4 Professors Who Deserve to Get The Boot

“What do you mean, you didn’t have time to complete the 750 pages of reading for today?”

Remember in high school when you and all of your friends failed the same exam and you were convinced it was the teacher’s fault?  “She never taught ANY of this stuff “ you bantered.  In a fit of rage, you stormed to an advisor to make a complaint.  You knew something had to be done about this dreadful teacher, and you were certain that if enough of you joined together, the school would surely do away with her. Your concerns were heard, but most likely, nothing was done.

For students at Louisiana State University, their wishes came true.  Recently, a professor was actually dismissed for grading too hard.

Victory at last!
Students’ voices are finally being heard!

Maybe this is a sign of good things to come. Maybe now is our time to finally speak up and rid universities across the country of those notoriously evil teachers who make us wonder how they got the job in the first place.  The hard graders are at the tops of all our lists, but here are a few other profs who should also get the boot. Are you listening, Dean of Students?!

1. The Ancient
The teachers who can’t control their bodily functions and tell you that your father was just a joy to have in class. They still use ditto machines and think a Power Point is something you do with your finger and a stern look on your face.

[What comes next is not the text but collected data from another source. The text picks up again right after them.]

lemma induced_seminorm_gauge:
  fixes H :: "real^'n^'m" and P :: "real^'n^'n"
  assumes K: "K = {x. \<forall>i. 0 \<le> (H *v x)$i}" and e: "e \<in> interior K"
    and pos: "\<exists>i. 0 < (H *v e)$i" and P: "\<forall>x\<in>K. P *v x \<in> K"
    and ker: "\<forall>y. H *v y = 0 \<longrightarrow> H *v (P *v y) = 0"
  shows "induced_seminorm (gauge K e) P = ereal (gauge K e (P *v e))"
proof -
  have u: "row_order_unit H e" by (rule polyhedral_row_order_unit[OF K e])
  have g: "gauge K e = row_gauge H e" using gauge_eq_row_gauge[OF K e] by blast
  have "gauge K e x = 0 \<longleftrightarrow> H *v x = 0" for x
    using row_gauge_le_iff[OF u order_refl, of x] row_gauge_nonneg[OF u, of x]
    by (auto simp: g vec_eq_iff)
  then have kernel: "seminorm_kernel (gauge K e) = {x. H *v x = 0}"
    by (auto simp: seminorm_kernel_def)
  have "subspace {x. H *v x = 0}"
    by (auto simp: subspace_def matrix_vector_right_distrib matrix_vector_mult_scaleR)
  then have span: "span {x. H *v x = 0} = {x. H *v x = 0}" by (simp only: span_eq_iff)
  \<comment> \<open>\<open>e\<close> itself need not be orthogonal to the kernel; its orthogonal component \<open>z\<close> is.\<close>
  obtain y z where y: "y \<in> span {x. H *v x = 0}"
    and z: "\<And>w. w \<in> span {x. H *v x = 0} \<Longrightarrow> orthogonal z w" and ez: "e = y + z"
    using orthogonal_subspace_decomp_exists[of "{x. H *v x = 0}" e] by blast
  have Hy: "H *v y = 0" using y span by auto
  have "H *v z = H *v e" using ez Hy by (simp add: matrix_vector_right_distrib)
  then have z_unit: "gauge K e z = 1" using row_gauge_self[OF u pos] by (simp add: g row_gauge_def)
  have z_perp: "\<forall>k\<in>seminorm_kernel (gauge K e). z \<bullet> k = 0"
    using z span kernel by (auto simp: orthogonal_def)
  have "H *v (P *v z) = H *v (P *v e)" using ez ker Hy by (simp add: matrix_vector_right_distrib)
  then have Pz: "gauge K e (P *v z) = gauge K e (P *v e)" by (simp add: g row_gauge_def)
  define T where "T = {ereal (gauge K e (P *v x)) | x. gauge K e x = 1
      \<and> (\<forall>k\<in>seminorm_kernel (gauge K e). x \<bullet> k = 0)}"
  have "Sup T = ereal (gauge K e (P *v e))"
  proof (rule antisym)
    show "Sup T \<le> ereal (gauge K e (P *v e))"
      using gauge_positive_map_le[OF K e P] by (intro Sup_least) (auto simp: T_def)
    have "ereal (gauge K e (P *v z)) \<in> T" unfolding T_def using z_unit z_perp by blast
    then have "ereal (gauge K e (P *v e)) \<in> T" by (simp only: Pz)
    then show "ereal (gauge K e (P *v e)) \<le> Sup T" by (rule Sup_upper)
  qed
  then show ?thesis unfolding induced_seminorm_def T_def .
qed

And email? Is that something you can do with a typewriter?

2. The Foreign Tongue
Accents are sexy on the likes of Antonio Banderas and Heidi Klum, but not on your Physics prof or Stats T.A. How are we expected to learn anything when we can barely understand the guy’s name?!

3. The Delusional
Everyone’s had that one professor who thinks his/her class is the only one you happen to be taking. Of course you’d have all the time in the world to read 400 pages a night and turn in weekly 5-page papers. It’s not like you’ve got anything else more important than this class you wouldn’t have taken if it weren’t required for those stupid distribution requirements.

4. The Inflexible
You may be paralyzed by the Swine Flu, or stuck at an airport due to volcanic eruption after your aunt’s funeral, but your absence is still unexcused and you’ll have to accept a zero on that day’s test. Sorry, but it’s in the syllabus.